A column named 'y' is the lable for whether a user belongs to hateful or reference user group (Hateful user prediction (Task 1)). 
Y=1 is hateful and Y=0 is reference. 

A column named 'y_level' is the labe for high- and low-level hateful users .
Y=1 is high-level hateful user, Y=0 is low-level hateful users, Y=-1 is reference use and excluded from High-level hateful user prediction (Task1). 


In [None]:
# Note that "user_features_hate_ref_SAMPLE.tsv" is a sample file with 80 rows, just for reference.
df = pd.read_csv("user_features_hate_ref_SAMPLE.tsv", sep="\t")
print(df.shape)
df.head()


## Predicting Hateful Users (Task 1)

In [None]:

with open(f"./pred_results_xgboost.tsv", "w") as output:

    output.write("\t".join(["Feature Set", "Macro-F1", "Accuracy", "Flip error-rate", "MAE"])+"\n")

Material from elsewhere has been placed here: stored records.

(* Let $(\mathcal{X},d)$ be a finite metric space, $P$ a probability distribution on $\mathcal{X}$, $k\ge1$ an integer, and $O\in\mathcal{X}_k$ an optimal $k$-RP solution. Then there exists a $k$-multiset $S\in\mathcal{X}_k$ all of whose points have positive probability under $P$ such that $\mathbb{E}_{X\sim P_k}[d_k(S,X)]\le 2\cdot\mathbb{E}_{X\sim P_k}[d_k(O,X)]$.
   Context: $\mathcal{X}_k$ is the set of multisets of exactly $k$ points of $\mathcal{X}$. For $U,V\in\mathcal{X}_k$, $d_k(U,V)$ is the minimum, over perfect matchings between the $k$ elements of $U$ and the $k$ elements of $V$ (with multiplicity), of the sum of the distances of matched pairs. $P_k$ is the distribution of the multiset of $k$ points drawn i.i.d. from $P$. The $k$-RP cost of $S\in\mathcal{X}_k$ is $\mathbb{E}_{X\sim P_k}[d_k(S,X)]$, and an optimal solution $O$ minimizes it over $\mathcal{X}_k$. *)

theory Defs
  imports "HOL-Probability.Probability"
begin

definition finite_metric_space :: "'a set \<Rightarrow> ('a \<Rightarrow> 'a \<Rightarrow> real) \<Rightarrow> bool" where
  "finite_metric_space X d \<longleftrightarrow> finite X \<and>
     (\<forall>x\<in>X. \<forall>y\<in>X. (d x y = 0 \<longleftrightarrow> x = y)) \<and>
     (\<forall>x\<in>X. \<forall>y\<in>X. d x y = d y x) \<and>
     (\<forall>x\<in>X. \<forall>y\<in>X. \<forall>z\<in>X. d x z \<le> d x y + d y z)"

definition kmultisets :: "'a set \<Rightarrow> nat \<Rightarrow> 'a multiset set" where
  "kmultisets X k = {S. size S = k \<and> set_mset S \<subseteq> X}"

text \<open>d_k(U,V): minimum over perfect matchings (pairings of enumerations) of the
  total distance of matched pairs.\<close>
definition dk :: "('a \<Rightarrow> 'a \<Rightarrow> real) \<Rightarrow> 'a multiset \<Rightarrow> 'a multiset \<Rightarrow> real" where
  "dk d U V = Min {(\<Sum>i<size U. d (xs ! i) (ys ! i)) | xs ys. mset xs = U \<and> mset ys = V}"

fun Pk :: "'a pmf \<Rightarrow> nat \<Rightarrow> 'a multiset pmf" where
  "Pk P 0 = return_pmf {#}"
| "Pk P (Suc k) = bind_pmf P (\<lambda>x. map_pmf (add_mset x) (Pk P k))"

definition krp_cost :: "('a \<Rightarrow> 'a \<Rightarrow> real) \<Rightarrow> 'a pmf \<Rightarrow> nat \<Rightarrow> 'a multiset \<Rightarrow> real" where
  "krp_cost d P k S = measure_pmf.expectation (Pk P k) (\<lambda>X. dk d S X)"

definition krp_optimal :: "'a set \<Rightarrow> ('a \<Rightarrow> 'a \<Rightarrow> real) \<Rightarrow> 'a pmf \<Rightarrow> nat \<Rightarrow> 'a multiset \<Rightarrow> bool" where
  "krp_optimal X d P k Opt \<longleftrightarrow> Opt \<in> kmultisets X k \<and>
     (\<forall>S\<in>kmultisets X k. krp_cost d P k Opt \<le> krp_cost d P k S)"

end

theory Submission
  imports Defs
begin

text \<open>Move every point of O to a nearest point p(x) of the support of P. For y in the
  support, the triangle inequality and minimality of p(x) give
  d(p(x), y) \<le> d(p(x), x) + d(x, y) \<le> 2 d(x, y). Applying this along an optimal matching
  between O and a sample Y bounds d_k(p(O), Y) by 2 d_k(O, Y); taking expectations gives the
  factor 2.\<close>

lemma finite_mset_preimage: "finite {xs. mset xs = U}"
proof (rule finite_subset)
  show "{xs. mset xs = U} \<subseteq> {xs. set xs \<subseteq> set_mset U \<and> length xs = size U}" by auto
qed (rule finite_lists_length_eq[OF finite_set_mset])

lemma finite_matching_costs:
  "finite {(\<Sum>i<size U. d (xs ! i) (ys ! i)) | xs ys. mset xs = U \<and> mset ys = V}"
  by (rule finite_image_set2) (rule finite_mset_preimage)+

lemma dk_le_matching:
  assumes "mset xs = U" and "mset ys = V"
  shows "dk d U V \<le> (\<Sum>i<size U. d (xs ! i) (ys ! i))"
  unfolding dk_def by (rule Min_le[OF finite_matching_costs]) (use assms in blast)

lemma dk_optimal_matching:
  obtains xs ys where "mset xs = U" and "mset ys = V"
    and "dk d U V = (\<Sum>i<size U. d (xs ! i) (ys ! i))"
proof -
  obtain xs ys where "mset xs = U" "mset ys = V" using ex_mset by metis
  then have "{(\<Sum>i<size U. d (xs ! i) (ys ! i)) | xs ys. mset xs = U \<and> mset ys = V} \<noteq> {}"
    by blast
  from Min_in[OF finite_matching_costs this] show thesis
    using that unfolding dk_def by blast
qed

lemma dk_image_mset_le:
  assumes "size V = size U"
    and "\<And>x y. x \<in># U \<Longrightarrow> y \<in># V \<Longrightarrow> d (f x) y \<le> c * d x y"
  shows "dk d (image_mset f U) V \<le> c * dk d U V"
proof -
  obtain xs ys where xs: "mset xs = U" and ys: "mset ys = V"
    and opt: "dk d U V = (\<Sum>i<size U. d (xs ! i) (ys ! i))"
    by (rule dk_optimal_matching)
  have len: "length xs = size U" "length ys = size U"
    using xs ys assms(1) by auto
  have "dk d (image_mset f U) V \<le> (\<Sum>i<size U. d (map f xs ! i) (ys ! i))"
    using dk_le_matching[of "map f xs" "image_mset f U" ys V d] xs ys by simp
  also have "\<dots> = (\<Sum>i<size U. d (f (xs ! i)) (ys ! i))"
    by (intro sum.cong refl) (simp add: len(1))
  also have "\<dots> \<le> (\<Sum>i<size U. c * d (xs ! i) (ys ! i))"
  proof (rule sum_mono)
    fix i assume "i \<in> {..<size U}"
    then have "i < length xs" "i < length ys" using len by simp_all
    then have "xs ! i \<in># U" "ys ! i \<in># V"
      using xs ys by (metis nth_mem set_mset_mset)+
    then show "d (f (xs ! i)) (ys ! i) \<le> c * d (xs ! i) (ys ! i)" by (rule assms(2))
  qed
  also have "\<dots> = c * dk d U V"
    by (simp add: opt sum_distrib_left)
  finally show ?thesis .
qed

lemma set_pmf_Pk: "M \<in> set_pmf (Pk P k) \<Longrightarrow> set_mset M \<subseteq> set_pmf P \<and> size M = k"
  by (induction k arbitrary: M) fastforce+

lemma finite_set_pmf_Pk: "finite (set_pmf P) \<Longrightarrow> finite (set_pmf (Pk P k))"
  by (induction k) auto

lemma krp_cost_le_scaled:
  assumes "finite (set_pmf P)"
    and "\<And>Y. Y \<in> set_pmf (Pk P k) \<Longrightarrow> dk d S Y \<le> c * dk d T Y"
  shows "krp_cost d P k S \<le> c * krp_cost d P k T"
proof -
  have fin: "finite (set_pmf (Pk P k))" using finite_set_pmf_Pk[OF assms(1)] .
  have "krp_cost d P k S \<le> measure_pmf.expectation (Pk P k) (\<lambda>Y. c * dk d T Y)"
    unfolding krp_cost_def
    by (rule integral_mono_AE)
      (auto intro: integrable_measure_pmf_finite[OF fin] AE_pmfI assms(2))
  also have "\<dots> = c * krp_cost d P k T"
    unfolding krp_cost_def by simp
  finally show ?thesis .
qed

lemma finite_metric_spaceD:
  assumes "finite_metric_space X d"
  shows "finite X"
    and "x \<in> X \<Longrightarrow> y \<in> X \<Longrightarrow> d x y = d y x"
    and "x \<in> X \<Longrightarrow> y \<in> X \<Longrightarrow> z \<in> X \<Longrightarrow> d x z \<le> d x y + d y z"
  using assms unfolding finite_metric_space_def by blast+

lemma arg_min_on_dist_le_double:
  assumes "finite_metric_space X d" and "A \<subseteq> X" and "A \<noteq> {}"
    and "x \<in> X" and "y \<in> A"
  shows "d (arg_min_on (d x) A) y \<le> 2 * d x y"
proof -
  let ?p = "arg_min_on (d x) A"
  have "finite A"
    using finite_subset[OF assms(2) finite_metric_spaceD(1)[OF assms(1)]] .
  then have "?p \<in> A" and nearest: "d x ?p \<le> d x y"
    using arg_min_if_finite(1) arg_min_least assms(3,5) by metis+
  then have "?p \<in> X" and "y \<in> X" using assms(2,5) by auto
  then have "d ?p y \<le> d ?p x + d x y" and "d ?p x = d x ?p"
    using finite_metric_spaceD(2,3)[OF assms(1)] assms(4) by blast+
  with nearest show ?thesis by linarith
qed

theorem corollary1:
  fixes X :: "'a set" and d :: "'a \<Rightarrow> 'a \<Rightarrow> real" and P :: "'a pmf"
    and k :: nat and Opt :: "'a multiset"
  assumes "finite_metric_space X d"
    and "set_pmf P \<subseteq> X"
    and "k \<ge> 1"
    and "krp_optimal X d P k Opt"
  shows "\<exists>S\<in>kmultisets X k. (\<forall>x\<in>#S. pmf P x > 0) \<and>
           krp_cost d P k S \<le> 2 * krp_cost d P k Opt"
proof -
  have finite_P: "finite (set_pmf P)"
    using finite_subset[OF assms(2) finite_metric_spaceD(1)[OF assms(1)]] .
  define p where "p x = arg_min_on (d x) (set_pmf P)" for x
  define S where "S = image_mset p Opt"
  have Opt: "set_mset Opt \<subseteq> X" "size Opt = k"
    using assms(4) unfolding krp_optimal_def kmultisets_def by auto
  have "p x \<in> set_pmf P" for x
    unfolding p_def by (rule arg_min_if_finite(1)[OF finite_P set_pmf_not_empty])
  then have "S \<in> kmultisets X k" and "\<forall>x\<in>#S. pmf P x > 0"
    using Opt assms(2) by (auto simp: S_def kmultisets_def pmf_positive)
  moreover have "krp_cost d P k S \<le> 2 * krp_cost d P k Opt"
  proof (rule krp_cost_le_scaled[OF finite_P])
    fix Y assume "Y \<in> set_pmf (Pk P k)"
    then have "set_mset Y \<subseteq> set_pmf P" and "size Y = size Opt"
      using set_pmf_Pk Opt(2) by auto
    then show "dk d S Y \<le> 2 * dk d Opt Y"
      unfolding S_def p_def using Opt(1)
      by (intro dk_image_mset_le arg_min_on_dist_le_double[OF assms(1,2) set_pmf_not_empty]) auto
  qed
  ultimately show ?thesis by blast
qed

end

    for featurename in features.keys():
        print(featurename, "------")
        featurelist = features[featurename]

        X = df[featurelist]
        print(X.shape)
        y = df['y']

        best_model, results= train_and_test_xgboost_gridsearch(X, y, featurename, "xgb")

        results_str = "\t".join([str(each_result) for each_result in results])
        output.write("\t".join([featurename, results_str])+"\n")


## Predicting High-level Hateful Users (Task 2) 

In [None]:
df_hate = df.query("y_level != -1")
print(df_hate.y_level.value_counts())

with open(f"./pred_results_xgboost_level.tsv", "w") as output:

    output.write("\t".join(["Feature Set", "Macro-F1", "Accuracy", "Flip error-rate", "MAE"])+"\n")

    for featurename in features.keys():
        print(featurename)
        featurelist = features[featurename]

        X = df_hate[featurelist]
        print(X.shape)
        y = df_hate['y_level']

        best_model, results = train_and_test_xgboost_gridsearch(X, y, featurename, "level_xgb")

        results_str = "\t".join([str(each_result) for each_result in results])
        output.write("\t".join([featurename, results_str])+"\n")